RACHAEL ELISABETH TOREN,
Defendant
MEMORANDUM AND ORDER
October 21, 1998
O’TOOLE, D.J.
001 Invoking the Court’s jurisdiction under the
International Child Abduction Remedies Act (“ICARA”), 42
U.S.C. 11601-10, the plaintiff Schlomo Daniel Toren (the
“Father”) seeks an order from this Court requiring his
former wife, the defendant Rachael Elisabeth Toren (the
“Mother”), to return the parties’ two minor children from
Massachusetts, where she and the children presently reside,
to Israel, where he resides. ICARA implements the terms of
the 1980 Hague Convention on the Civil Aspects of
InternationaL Child Abduction (the “Convention”), to which
both the United States and Israel are signatory States.

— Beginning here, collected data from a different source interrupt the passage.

lemma hrg_downset_sum:
  assumes "\<forall>a b. hrg_key s a \<le> hrg_key s b \<longrightarrow> Q b \<longrightarrow> Q a"
  shows "(\<Sum>i | i < n \<and> Q i. hrg_alloc n M s i) = min M (\<Sum>i | i < n \<and> Q i. fst (s i))"
proof -
  let ?L = "hrg_order n s"
  have "sorted (map (hrg_key s) ?L)"
    unfolding hrg_order_def hrg_key_def by (rule sorted_sort_key)
  then have split: "?L = filter Q ?L @ filter (\<lambda>i. \<not> Q i) ?L"
    using sorted_filter_split assms by blast
  have set_Q: "set (filter Q ?L) = {i. i < n \<and> Q i}" by (auto simp: hrg_order_set)
  have distinct: "distinct (filter Q ?L @ filter (\<lambda>i. \<not> Q i) ?L)"
    using split hrg_order_distinct by metis
  have "hrg_alloc n M s i = grant (\<lambda>i. fst (s i)) (filter Q ?L) M i"
    if "i \<in> set (filter Q ?L)" for i
    unfolding hrg_alloc_def by (subst split) (rule grant_append[OF distinct that])
  then have "(\<Sum>i\<in>set (filter Q ?L). hrg_alloc n M s i)
      = (\<Sum>i\<in>set (filter Q ?L). grant (\<lambda>i. fst (s i)) (filter Q ?L) M i)"
    by (rule sum.cong[OF refl])
  then show ?thesis
    using grant_sum[of "filter Q ?L" "\<lambda>i. fst (s i)" M] set_Q hrg_order_distinct by simp
qed

lemma hrg_below_sum:
  fixes n M :: nat and s :: "nat \<Rightarrow> request" and \<kappa> :: "real \<times> nat"
  shows "(\<Sum>i | i < n \<and> hrg_key s i < \<kappa>. hrg_alloc n M s i)
     = min M (\<Sum>i | i < n \<and> hrg_key s i < \<kappa>. fst (s i))"
  by (rule hrg_downset_sum) (meson le_less_trans)

lemma hrg_upto_sum:
  fixes n M :: nat and s :: "nat \<Rightarrow> request" and \<kappa> :: "real \<times> nat"
  shows "(\<Sum>i | i < n \<and> hrg_key s i \<le> \<kappa>. hrg_alloc n M s i)
     = min M (\<Sum>i | i < n \<and> hrg_key s i \<le> \<kappa>. fst (s i))"
  by (rule hrg_downset_sum) (meson order_trans)

lemma hrg_welfare_upper:
  assumes dmr: "\<forall>i<n. dmr (w i)" and n: "0 < n"
  shows "(\<Sum>i<n. w i (hrg_alloc n M s i)) \<le> real M * Max ((\<lambda>i. w i 1) ` {..<n})"
proof -
  define D where "D = Max ((\<lambda>i. w i 1) ` {..<n})"
  define A where "A = hrg_alloc n M s"
  have D_ge: "w i 1 \<le> D" if "i < n" for i unfolding D_def using that by (intro Max_ge) auto
  have D_nonneg: "0 \<le> D" using D_ge[of 0] n dmr_nonneg[of "w 0" 1] dmr by force
  have "(\<Sum>i<n. w i (A i)) \<le> (\<Sum>i<n. real (A i) * D)"
  proof (rule sum_mono)
    fix i assume "i \<in> {..<n}"
    then have "w i (A i) \<le> real (A i) * w i 1" "w i 1 \<le> D" using dmr_upper dmr D_ge by auto
    then show "w i (A i) \<le> real (A i) * D" by (meson mult_left_mono of_nat_0_le_iff order_trans)
  qed
  also have "\<dots> = real (\<Sum>i<n. A i) * D" by (simp add: sum_distrib_right)
  also have "\<dots> \<le> real M * D"
    using hrg_alloc_sum[of n M s] D_nonneg unfolding A_def
    by (intro mult_right_mono) (simp_all flip: of_nat_sum)
  finally show ?thesis unfolding D_def A_def .
qed
(* Fix $R_{\rm eff}>0$ and assume that all link SNRs $\gamma^{SR}_k,\gamma^{SD}_k,\gamma^{RD}_k$, $k=1,\dots,K$, are mutually independent, and that in every slot the SNR of link $\mathsf{XY}\in\{SR,SD,RD\}$ has the truncated exponential density $f(\gamma)=c\,e^{-\gamma/\bar\gamma^{\mathsf{XY}}}$ for $\gamma\ge\gamma_{tr}$ and $0$ otherwise, with $c=e^{\gamma_{tr}/\bar\gamma^{\mathsf{XY}}}/\bar\gamma^{\mathsf{XY}}$, a common threshold $\gamma_{tr}>0$ and fixed parameters $\bar\gamma^{SR},\bar\gamma^{SD},\bar\gamma^{RD}>0$. Then: (i) without relaying, for every $K\ge1$, $\bar J^{\text{no relay}}_K(R_{\rm eff})\to\infty$ as $\gamma_{tr}\to0^+$; (ii) with relaying, for every $K\ge2$, $\bar J_K(R_{\rm eff})$ remains bounded as $\gamma_{tr}\to0^+$ (i.e. $\limsup_{\gamma_{tr}\to0^+}\bar J_K(R_{\rm eff})<\infty$).
   Context: Notation: $I(x)=\log(1+x)$, $I^{-1}(x)=e^x-1$, $\tilde\gamma_k=\max(\gamma^{SD}_k,\gamma^{RD}_k)$. Relay problem with $K$ slots and message size $B=KR_{\rm eff}$ nats: in slot $k$ the link SNRs are $(\gamma^{SR}_k,\gamma^{SD}_k,\gamma^{RD}_k)$; a power $p_k\ge0$ is chosen causally (as a function of the SNRs of slots $1,\dots,k$). Remaining information: $b^R_1=b^D_1=B$; if $b^R_k>0$ (Phase 1, the source transmits) then $b^R_{k+1}=b^R_k-I(p_k\gamma^{SR}_k)$, $b^D_{k+1}=b^D_k-I(p_k\gamma^{SD}_k)$; if $b^R_k\le0$ (Phase 2, whichever of source/relay has the larger SNR to the destination transmits) then $b^R_{k+1}=b^R_k$, $b^D_{k+1}=b^D_k-I(p_k\tilde\gamma_k)$. The constraint is $b^D_{K+1}\le0$ a.s. The normalized minimum expected sum energy (NMESE) is $\bar J_K(R_{\rm eff})=\frac1K\mathbb{E}_{\boldsymbol\gamma_1}[J^\star(\boldsymbol\gamma_1)]$, where $J^\star(\boldsymbol\gamma_1)$ is the infimum over causal feasible policies of $\mathbb{E}[\sum_{k=1}^Kp_k\mid\boldsymbol\gamma_1]$. "No relaying" means the relay never assists, i.e. the same problem with $\gamma^{SR}_k\equiv0$ (so Phase 2 never occurs and the constraint is $\sum_k I(p_k\gamma^{SD}_k)\ge B$); its NMESE is denoted $\bar J^{\text{no relay}}_K(R_{\rm eff})$. *)

theory Defs
  imports "HOL-Probability.Probability"
begin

Because the Court concludes that the children were not
“habitual residents” of Israel at the time of their
allegedly wrongful retention in the United States by the
Mother, neither the Convention nor ICARA applies. The
Father’s motion is therefore denied, and the action is
dismissed.
BACKGROUND
002 The record presented by the parties establishes the
following facts. The parties were married in Israel on
August 22, 1988. Two children were born of their marriage:
D’Vora, now eight years old, and Yael, now five. In
December, 1994 the parties were divorced by a judgment of
the Rabbinical District Court in Jerusalem. The divorce
judgment incorporated the terms of the parties’ separation
agreement, which provided for joint legal custody of the
children. The parties agreed, and the judgment ordered, that
the children would reside in Israel for at least two years
after the divorce. In 1996, the parties executed an
amendment to their separation agreement that provided, among
other things, that the children would live with the Mother
in Massachusetts for a period of years, but not beyond July
21, 2000. The amended agreement further provided that the
children would not stay in the United States or any other
place outside of Israel after that date, and that they would
study in Israel during the 2000-2001 school year. The
amended agreement also specified the Father’s visitation
rights.
003 On July 1, 1997, the Mother filed a complaint in the
Massachusetts Probate and Family Court seeking to modify the
parties’ agreement (and the Israeli judgment) by eliminating
the requirement that the children eventually return to
Israel and instead allowing them to remain indefinitely in
the United States. The Probate Court granted the Mother
temporary legal and physical custody of the children. The
Father has appeared in that action, and it remains pending.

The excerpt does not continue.